In step 240, personal corpus creation program 122 processes any known words and any polysemous word in word group W. A known word is a non-basic word stored in basic corpus C. A non-basic word is flagged as “is_general_word=false”. A group of known words are treated as a known word group KW. A known word is also a word that was not originally included in basic corpus C, but later added to basic corpus C. A polysemous word is identified by determining whether the word is included in a circle (i.e., an ellipse) encompassing a cluster of words. In an embodiment, personal corpus creation program 122 processes any known words and any polysemous words in word group W by determining the distance between the existing VKW, which is the vector of the known word k stored in corpus C, and VBW, which is the average vector of the basic word group BW.
In decision step 250, personal corpus creation program 122 determines whether the distance between the existing VKW and VBW exceeds a predetermined threshold TD. If personal corpus creation program 122 determines the distance between the existing VKW and VBW does not exceed a predetermined threshold TD (decision step 250, NO branch), then personal corpus creation program 122 proceeds to step 260, updates the vector of a known word in word group W. If personal corpus creation program 122 determines the distance between the existing VKW and VBW does exceed a predetermined threshold TD (decision step 250, YES branch), then personal corpus creation program 122 proceeds to step 270, adding a known word to the personal corpus.

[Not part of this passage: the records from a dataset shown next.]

text \<open>A CPS system (CO, A, F, R, Gamma) together with its concern structure
  (sub-concern relation and addBy).  A = UNIV :: 'a set, F = UNIV :: 'f set,
  the set of concerns is UNIV :: 'c set.\<close>

record ('co, 'a, 'f, 'c, 'u) cps =
  cps_comps :: "'co set"
  cps_exec :: "('a \<times> ('f \<times> bool) list) set"
    \<comment> \<open>executability conditions: executable a if p1..pn\<close>
  cps_dyn :: "('a \<times> ('f \<times> bool) \<times> ('f \<times> bool) list) set"
    \<comment> \<open>dynamic laws: a causes l if p1..pn\<close>
  cps_stat :: "(('f \<times> bool) \<times> ('f \<times> bool) list) set"
    \<comment> \<open>static laws: l if p1..pn\<close>
  cps_R :: "'co \<Rightarrow> 'f set"
  cps_gamma :: "('c \<times> 'u \<times> 'f pform) set"
  cps_subco :: "('c \<times> 'c) set"
    \<comment> \<open>(x, y) : y is a sub-concern of x\<close>
  cps_addby :: "('c \<times> 'f) set"

definition cps_props :: "('co, 'a, 'f, 'c, 'u) cps \<Rightarrow> 'f set" where
  "cps_props S = (\<Union>co\<in>cps_comps S. cps_R S co)"

definition flits :: "'f set \<Rightarrow> ('f \<times> bool) set" where
  "flits s = {(f, b). (f \<in> s) = b}"
(* Suppose $G=(V,E)$ is a complete graph whose nonnegative edge costs $c$ satisfy the triangle inequality, and let $R\subseteq V$ be the terminal set. Then the cost of a minimum spanning tree of the induced subgraph $G[R]$ is at most twice the optimal value of the hypergraphic LP \[ \min \sum_K C_K x_K \quad\text{s.t.}\quad \sum_{K:\,K\cap S\neq\varnothing} x_K(|K\cap S|-1)\le |S|-1\ \ \forall\, \varnothing\neq S\subseteq R,\quad \sum_K x_K(|K|-1)=|R|-1,\quad x\ge 0. \]
   Context: For $K\subseteq R$ with $|K|\ge2$, a full component on $K$ is a tree in $G$ whose leaf set is exactly $K$ and whose internal vertices all lie in $V\setminus R$; $C_K$ is the minimum cost of a full component on $K$, and the LP variables $x_K$ range over such $K$ for which a full component exists. *)

theory Defs
  imports Complex_Main
begin

definition edges_of :: "'a set \<Rightarrow> 'a set set" where
  "edges_of W = {{u, v} | u v. u \<in> W \<and> v \<in> W \<and> u \<noteq> v}"

definition adj :: "'a set set \<Rightarrow> ('a \<times> 'a) set" where
  "adj F = {(u, v). {u, v} \<in> F}"

definition deg :: "'a set set \<Rightarrow> 'a \<Rightarrow> nat" where
  "deg F v = card {e \<in> F. v \<in> e}"

definition is_tree :: "'a set \<Rightarrow> 'a set set \<Rightarrow> bool" where
  "is_tree W F \<longleftrightarrow> finite W \<and> F \<subseteq> edges_of W \<and> card F = card W - 1 \<and>
     (\<forall>u\<in>W. \<forall>v\<in>W. (u, v) \<in> (adj F)\<^sup>*)"

definition cost :: "('a set \<Rightarrow> real) \<Rightarrow> 'a set set \<Rightarrow> real" where
  "cost c F = (\<Sum>e\<in>F. c e)"

definition full_component :: "'a set \<Rightarrow> 'a set \<Rightarrow> 'a set \<Rightarrow> 'a set \<Rightarrow> 'a set set \<Rightarrow> bool" where
  "full_component V R K W F \<longleftrightarrow> W \<subseteq> V \<and> is_tree W F \<and>
     {v \<in> W. deg F v = 1} = K \<and> W - K \<subseteq> V - R"

definition has_full_component :: "'a set \<Rightarrow> 'a set \<Rightarrow> 'a set \<Rightarrow> bool" where
  "has_full_component V R K \<longleftrightarrow> (\<exists>W F. full_component V R K W F)"

definition fc_cost :: "'a set \<Rightarrow> 'a set \<Rightarrow> ('a set \<Rightarrow> real) \<Rightarrow> 'a set \<Rightarrow> real" where
  "fc_cost V R c K = Min {cost c F | W F. full_component V R K W F}"

definition lp_index :: "'a set \<Rightarrow> 'a set \<Rightarrow> 'a set set" where
  "lp_index V R = {K. K \<subseteq> R \<and> 2 \<le> card K \<and> has_full_component V R K}"

definition hyp_feasible :: "'a set \<Rightarrow> 'a set \<Rightarrow> ('a set \<Rightarrow> real) \<Rightarrow> bool" where
  "hyp_feasible V R x \<longleftrightarrow>
     (\<forall>K\<in>lp_index V R. 0 \<le> x K) \<and>
     (\<forall>S. S \<subseteq> R \<and> S \<noteq> {} \<longrightarrow>
        (\<Sum>K\<in>{K \<in> lp_index V R. K \<inter> S \<noteq> {}}. x K * (real (card (K \<inter> S)) - 1))
          \<le> real (card S) - 1) \<and>
     (\<Sum>K\<in>lp_index V R. x K * (real (card K) - 1)) = real (card R) - 1"

definition hyp_objective :: "'a set \<Rightarrow> 'a set \<Rightarrow> ('a set \<Rightarrow> real) \<Rightarrow> ('a set \<Rightarrow> real) \<Rightarrow> real" where
  "hyp_objective V R c x = (\<Sum>K\<in>lp_index V R. fc_cost V R c K * x K)"

definition mst_cost :: "'a set \<Rightarrow> ('a set \<Rightarrow> real) \<Rightarrow> real" where
  "mst_cost R c = Min {cost c F | F. is_tree R F}"

end

theory Submission
  imports Defs
begin

text \<open>
  (1) Every LP index K carries a Hamiltonian path on K of cost at most 2 C_K: walk
      around a cheapest full component on K (doubling its tree, built up by inserting
      leaves into a tour) and shortcut past the Steiner vertices (triangle inequality).
  (2) Spreading each x_K over the edges of its path gives an edge weighting y of the
      complete graph on R.  A path on K has at most |K \<inter> S| - 1 edges inside S and
      exactly |K| - 1 edges in total, so the LP constraints make y a point of the
      subtour polytope: y(E(S)) \<le> |S| - 1 and y(E(R)) = |R| - 1.  Its cost is at most
      2 \<Sum> C_K x_K.
  (3) For every point y of the subtour polytope, the MST cost is at most \<Sum> y_e c_e.
      This is a Kruskal-style argument: by induction over the vertex set and the cost
      threshold M, every S that is connected by edges of cost \<le> M has a spanning tree
      of cost \<le> \<Sum>_{E(S)} y_e c_e + (|S| - 1 - y(E(S))) M.
\<close>

section \<open>Edges, adjacency and trees\<close>

lemma edges_of_sub: "edges_of S \<subseteq> Pow S"
  by (auto simp: edges_of_def)

lemma finite_edges_of: "finite S \<Longrightarrow> finite (edges_of S)"
  by (rule finite_subset[OF edges_of_sub]) simp

lemma edges_of_mono: "A \<subseteq> B \<Longrightarrow> edges_of A \<subseteq> edges_of B"
  unfolding edges_of_def by blast

lemma in_edges_of: "{a, b} \<in> edges_of S \<longleftrightarrow> a \<in> S \<and> b \<in> S \<and> a \<noteq> b"
  unfolding edges_of_def by (auto simp: doubleton_eq_iff)

lemma edges_ofE:
  "e \<in> edges_of S \<Longrightarrow> (\<And>a b. e = {a, b} \<Longrightarrow> a \<in> S \<Longrightarrow> b \<in> S \<Longrightarrow> a \<noteq> b \<Longrightarrow> P) \<Longrightarrow> P"
  unfolding edges_of_def by blast

lemma edges_of_singleton: "edges_of {a} = {}"
  unfolding edges_of_def by auto

lemma edges_of_disjoint: "A \<inter> B = {} \<Longrightarrow> edges_of A \<inter> edges_of B = {}"
  by (auto elim!: edges_ofE simp: doubleton_eq_iff)

lemma adj_mono: "F \<subseteq> G \<Longrightarrow> (adj F)\<^sup>* \<subseteq> (adj G)\<^sup>*"
  by (rule rtrancl_mono) (auto simp: adj_def)

lemma adj_reach_sym: "(u, v) \<in> (adj F)\<^sup>* \<Longrightarrow> (v, u) \<in> (adj F)\<^sup>*"
proof -
  have "sym (adj F)" by (auto simp: sym_def adj_def insert_commute)
  then have "sym ((adj F)\<^sup>*)" by (rule sym_rtrancl)
  then show "(u, v) \<in> (adj F)\<^sup>* \<Longrightarrow> (v, u) \<in> (adj F)\<^sup>*" by (rule symD)
qed

lemma leaving_step:
  assumes "(u, v) \<in> r\<^sup>*" "u \<in> A" "v \<notin> A"
  shows "\<exists>a b. (a, b) \<in> r \<and> a \<in> A \<and> b \<notin> A"
  using assms by (induction rule: rtrancl_induct) auto

lemma tree_singleton: "is_tree {a} {}"
  by (auto simp: is_tree_def)

lemma tree_finite: "is_tree W F \<Longrightarrow> finite W \<and> finite F \<and> F \<subseteq> edges_of W"
  unfolding is_tree_def using finite_edges_of finite_subset by blast

lemma finite_tree_costs: "finite S \<Longrightarrow> finite {cost c F | F. is_tree S F}"
  by (rule finite_subset[of _ "cost c ` Pow (edges_of S)"])
    (auto simp: is_tree_def finite_edges_of)

lemma tree_join:
  assumes TA: "is_tree A FA" and TB: "is_tree B FB" and AB: "A \<inter> B = {}"
    and a: "a \<in> A" and b: "b \<in> B"
  shows "is_tree (A \<union> B) (insert {a, b} (FA \<union> FB))"
    and "cost c (insert {a, b} (FA \<union> FB)) = c {a, b} + cost c FA + cost c FB"
proof -
  let ?F = "insert {a, b} (FA \<union> FB)"
  have fA: "finite A" and fFA: "finite FA" and sA: "FA \<subseteq> edges_of A"
    and fB: "finite B" and fFB: "finite FB" and sB: "FB \<subseteq> edges_of B"
    using tree_finite[OF TA] tree_finite[OF TB] by auto
  have cA: "card FA = card A - 1" and conA: "\<forall>u\<in>A. \<forall>v\<in>A. (u, v) \<in> (adj FA)\<^sup>*"
    and cB: "card FB = card B - 1" and conB: "\<forall>u\<in>B. \<forall>v\<in>B. (u, v) \<in> (adj FB)\<^sup>*"
    using TA TB by (auto simp: is_tree_def)
  have dAB: "FA \<inter> FB = {}" using sA sB edges_of_disjoint[OF AB] by blast
  have new: "{a, b} \<notin> FA \<union> FB"
  proof
    assume "{a, b} \<in> FA \<union> FB"
    then have "{a, b} \<subseteq> A \<or> {a, b} \<subseteq> B" using sA sB edges_of_sub by blast
    with a b AB show False by blast
  qed
  have "card ?F = card FA + card FB + 1"
    using new dAB fFA fFB by (simp add: card_Un_disjoint)
  moreover have "card (A \<union> B) = card A + card B" using fA fB AB by (simp add: card_Un_disjoint)
  moreover have "card A \<ge> 1" "card B \<ge> 1" using a b fA fB by (auto simp: Suc_le_eq card_gt_0_iff)
  ultimately have card: "card ?F = card (A \<union> B) - 1" using cA cB by simp
  have "{a, b} \<in> edges_of (A \<union> B)" using a b AB by (auto simp: in_edges_of)
  then have sub: "?F \<subseteq> edges_of (A \<union> B)"
    using sA sB edges_of_mono[of A "A \<union> B"] edges_of_mono[of B "A \<union> B"] by blast
  have reach: "(a, w) \<in> (adj ?F)\<^sup>*" if "w \<in> A \<union> B" for w
  proof (cases "w \<in> A")
    case True
    then show ?thesis using conA a adj_mono[of FA ?F] by blast
  next
    case False
    then have bw: "(b, w) \<in> (adj ?F)\<^sup>*" using that conB b adj_mono[of FB ?F] by blast
    have "(a, b) \<in> adj ?F" by (simp add: adj_def)
    from converse_rtrancl_into_rtrancl[OF this bw] show ?thesis .
  qed
  have "\<forall>u\<in>A \<union> B. \<forall>v\<in>A \<union> B. (u, v) \<in> (adj ?F)\<^sup>*"
  proof (intro ballI)
    fix u v assume "u \<in> A \<union> B" "v \<in> A \<union> B"
    then have "(a, u) \<in> (adj ?F)\<^sup>*" "(a, v) \<in> (adj ?F)\<^sup>*" by (simp_all add: reach)
    from rtrancl_trans[OF adj_reach_sym[OF this(1)] this(2)] show "(u, v) \<in> (adj ?F)\<^sup>*" .
  qed
  then show "is_tree (A \<union> B) ?F" unfolding is_tree_def using fA fB sub card by simp
  have "cost c ?F = c {a, b} + cost c (FA \<union> FB)"
    unfolding cost_def using new fFA fFB by simp
  also have "cost c (FA \<union> FB) = cost c FA + cost c FB"
    unfolding cost_def by (rule sum.union_disjoint[OF fFA fFB dAB])
  finally show "cost c ?F = c {a, b} + cost c FA + cost c FB" by simp
qed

In step 260, responsive to determining the distance between the existing VKW and VBW does not exceed the predetermined threshold TD, personal corpus creation program 122 updates the vector of a known word (i.e., k∈KW) in word group W. In an embodiment, personal corpus creation program 122 updates the vector of a known word in word group W with VKW In an embodiment, personal corpus creation program 122 updates the vector of a known word in word group W by replacing the vector with an average of the existing VKW, which is the vector of a known word k stored in corpus C and VBW, which is the average vector of the basic word group BW.
In an embodiment, personal corpus creation program 122 sends an alert notification to the first user (via user computing device 1301). In an embodiment, personal corpus creation program 122 sends an alert notification to the first user, notifying the first user of the difference in perception of the known word.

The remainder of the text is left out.